Ленч явно не удался: картофель, говядина с кукурузой и горошком остались несъеденными. Может, Гей не привыкла к консервам, а может, не ела назло. Эйлин дала ей яблоко, но Гей бросила его на пол, требуя конфет. Теряя силы, Эйлин дала ей последний кулек с конфетами, запихнула девочку в постель, а сама рухнула на софу и тут же уснула.

Через полчаса Эйлин, вздрогнув, проснулась. Где она? Что случилось? — Успокойся, успокойся, — сказала она себе, — Гей спит. Хорошо, что дочка заснула до чая, быть может, она проголодается и съест яйцо. Эйлин потянулась и зевнула, положила в камин полено и решила выпить чашечку кофе. Нет, сначала она заглянет к Гей, чтобы убедиться, что она еще спит и не занята каким-нибудь кошмарным делом.

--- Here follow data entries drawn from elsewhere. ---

(* Let $\alpha>1$ and let $u_0:[0,\infty)\to[0,\infty)$ be bounded and integrable with $u_0^{\alpha-1}$ Lipschitz continuous; let $m_0(\rho)=\int_0^\rho u_0$ and $P_t(\rho_0)=\rho_0+\alpha\, m_0(\rho_0)\,u_0(\rho_0)^{\alpha-1}\,t$. Then there exists $T>0$ such that for every $t\in[0,T]$ the map $P_t$ is a bi-Lipschitz bijection of $[0,\infty)$, and the function $$u(t,\rho)=\begin{cases}\big(u_0(P_t^{-1}(\rho))^{-\alpha}+\alpha t\big)^{-1/\alpha}, & u_0(P_t^{-1}(\rho))\neq 0,\\ 0,& u_0(P_t^{-1}(\rho))=0,\end{cases}$$ is continuous, so that $m(t,\rho)=\int_0^\rho u(t,\sigma)\,d\sigma$ is a classical ($C^1$) solution of $m_t+m(m_\rho)^\alpha=0$ on $(0,T]\times(0,\infty)$ with $m(0,\cdot)=m_0$, $m(t,0)=0$. (One may take any $T<1/(\alpha L)$ with $L=\sup_{\rho_0\ge0}\big|u_0^\alpha+m_0\,\frac{d}{d\rho_0}(u_0^{\alpha-1})\big|$.)
   Context: Radially symmetric densities are written as functions of a volume variable $\rho\ge0$, and the mass function is $m(t,\rho)=\int_0^\rho u(t,\sigma)\,d\sigma$, so $u=m_\rho$. The mass equation is $m_t+m(m_\rho)^\alpha=0$. A classical solution is a $C^1$ function satisfying this equation pointwise; "given by characteristics" refers to the explicit formula above. *)

theory Defs
  imports "HOL-Analysis.Analysis"
begin

definition mass0 :: "(real \<Rightarrow> real) \<Rightarrow> real \<Rightarrow> real" where
  "mass0 u0 \<rho> = integral {0..\<rho>} u0"

definition charmap :: "real \<Rightarrow> (real \<Rightarrow> real) \<Rightarrow> real \<Rightarrow> real \<Rightarrow> real" where
  "charmap \<alpha> u0 t \<rho>0 = \<rho>0 + \<alpha> * mass0 u0 \<rho>0 * (u0 \<rho>0) powr (\<alpha> - 1) * t"

definition charsol :: "real \<Rightarrow> (real \<Rightarrow> real) \<Rightarrow> real \<Rightarrow> real \<Rightarrow> real" where
  "charsol \<alpha> u0 t \<rho> =
     (let v = u0 (inv_into {0..} (charmap \<alpha> u0 t) \<rho>)
      in if v \<noteq> 0 then (v powr (- \<alpha>) + \<alpha> * t) powr (- 1 / \<alpha>) else 0)"

definition mass :: "(real \<Rightarrow> real \<Rightarrow> real) \<Rightarrow> real \<Rightarrow> real \<Rightarrow> real" where
  "mass u t \<rho> = integral {0..\<rho>} (u t)"

definition bilipschitz_on :: "real set \<Rightarrow> (real \<Rightarrow> real) \<Rightarrow> bool" where
  "bilipschitz_on S f \<longleftrightarrow> (\<exists>c C. 0 < c \<and> (\<forall>x\<in>S. \<forall>y\<in>S.
       c * dist x y \<le> dist (f x) (f y) \<and> dist (f x) (f y) \<le> C * dist x y))"

definition classical_solution_on ::
    "real \<Rightarrow> (real \<times> real) set \<Rightarrow> (real \<Rightarrow> real \<Rightarrow> real) \<Rightarrow> bool" where
  "classical_solution_on \<alpha> S m \<longleftrightarrow>
     (\<exists>mt m\<rho>. continuous_on S mt \<and> continuous_on S m\<rho> \<and>
        (\<forall>p\<in>S. ((\<lambda>(t, \<rho>). m t \<rho>) has_derivative (\<lambda>(h, k). mt p * h + m\<rho> p * k))
                   (at p within S)) \<and>
        (\<forall>p\<in>S. mt p + m (fst p) (snd p) * (m\<rho> p) powr \<alpha> = 0))"

end

theory Submission
  imports Defs
begin

(*
  For t \<le> T0 the characteristic map P t differs from the identity by a map with Lipschitz
  constant 1/2, so it is a bi-Lipschitz bijection of [0,\<infinity>) whose inverse Q is Lipschitz
  jointly in (t, \<rho>). Along the characteristic through s the density is
  (u0(s)^-\<alpha> + \<alpha> t)^(-1/\<alpha>) and the mass is m0(s) (1 + \<alpha> t u0(s)^\<alpha>)^((\<alpha>-1)/\<alpha>).
  Because u0^(\<alpha>-1) is only Lipschitz, this mass M(t, \<rho>) is written as
  Psi((t, \<rho>), (Q, u0(Q)^(\<alpha>-1))) with Psi differentiable and with vanishing partial
  derivative in the second argument at that point; composing with the Lipschitz map
  (t, \<rho>) \<mapsto> (Q, u0(Q)^(\<alpha>-1)) then gives \<partial>\<^sub>\<rho> M = u and \<partial>\<^sub>t M = - M u^\<alpha>, and
  integrating in \<rho> identifies M with the mass of u.
*)

lemma has_derivative_along_lipschitz_graph:
  fixes \<Psi> :: "'a::real_normed_vector \<times> 'b::real_normed_vector \<Rightarrow> 'c::real_normed_vector"
  assumes \<Psi>: "(\<Psi> has_derivative (\<lambda>z. L (fst z))) (at (x, y x))"
    and L: "bounded_linear L"
    and K: "K \<ge> 0" "\<forall>x'\<in>S. norm (y x' - y x) \<le> K * norm (x' - x)"
  shows "((\<lambda>x. \<Psi> (x, y x)) has_derivative L) (at x within S)"
  unfolding has_derivative_within_alt
proof (intro conjI allI impI L)
  fix e :: real assume "e > 0"
  then have e': "e / (1 + K) > 0" using K by auto
  with \<Psi>[unfolded has_derivative_at_alt] obtain d where d: "d > 0"
    "\<And>z. norm (z - (x, y x)) < d \<Longrightarrow>
       norm (\<Psi> z - \<Psi> (x, y x) - L (fst (z - (x, y x)))) \<le> e / (1 + K) * norm (z - (x, y x))"
    by blast
  show "\<exists>d>0. \<forall>x'\<in>S. norm (x' - x) < d \<longrightarrow>
          norm (\<Psi> (x', y x') - \<Psi> (x, y x) - L (x' - x)) \<le> e * norm (x' - x)"
  proof (intro exI[of _ "d / (1 + K)"] conjI ballI impI)
    show "d / (1 + K) > 0" using d K by auto
    fix x' assume x': "x' \<in> S" "norm (x' - x) < d / (1 + K)"
    have "norm ((x', y x') - (x, y x)) \<le> norm (x' - x) + norm (y x' - y x)"
      using norm_Pair_le[of "x' - x" "y x' - y x"] by simp
    also have "\<dots> \<le> (1 + K) * norm (x' - x)" using K x' by (simp add: algebra_simps)
    finally have graph: "norm ((x', y x') - (x, y x)) \<le> (1 + K) * norm (x' - x)" .
    moreover have "(1 + K) * norm (x' - x) < d" using x' K by (simp add: field_simps)
    ultimately have "norm (\<Psi> (x', y x') - \<Psi> (x, y x) - L (x' - x))
        \<le> e / (1 + K) * norm ((x', y x') - (x, y x))"
      using d(2) by fastforce
    also have "\<dots> \<le> e / (1 + K) * ((1 + K) * norm (x' - x))"
      using graph e' by (intro mult_left_mono) auto
    also have "\<dots> = e * norm (x' - x)" using K by (simp add: field_simps)
    finally show "norm (\<Psi> (x', y x') - \<Psi> (x, y x) - L (x' - x)) \<le> e * norm (x' - x)" .
  qed
qed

К своему ужасу Эйлин обнаружила, что входная дверь и дверь спальни открыты, а бросившись в спальню Гей, увидела, что кровать, на которой повсюду валяются (рантики от конфет, пуста.

Охваченная паникой, она выбежала на дорогу, крича: «Гей! Гей! Где ты? Сейчас же иди сюда!» Но дочь ее не подавала признаков жизни. Может быть, ее задавила машина? Или похитили? Эйлин в ужасе побежала вверх по дороге, сердце ее неистово билось, грудь теснилась от рыданий. Она ожидала увидеть машину скорой помощи, маленькую окровавленную фигурку, но не было ничего, кроме тишины и монотонного шума падающего дождя.

Она побежала по направлению к дому. Быть может, Гей вскарабкалась на каменную стену, ведущую к Блэкхиллу, упала, сломала ногу и потерялась в тумане. Эйлин решила поднять соседей, чтобы те организовали поисковую группу. Быть может, у кого-нибудь здесь есть телефон.

Тут рядом с кучей гравия, на дороге, ведущей вниз с холма, она заметила дочь, копошащуюся в траве. Темные волосы девочки поливал дождь, а одета она была лишь в нижнюю юбку и штанишки.

— Гей! — с бешенством и облегчением заорала Эйлин, подбегая к ней.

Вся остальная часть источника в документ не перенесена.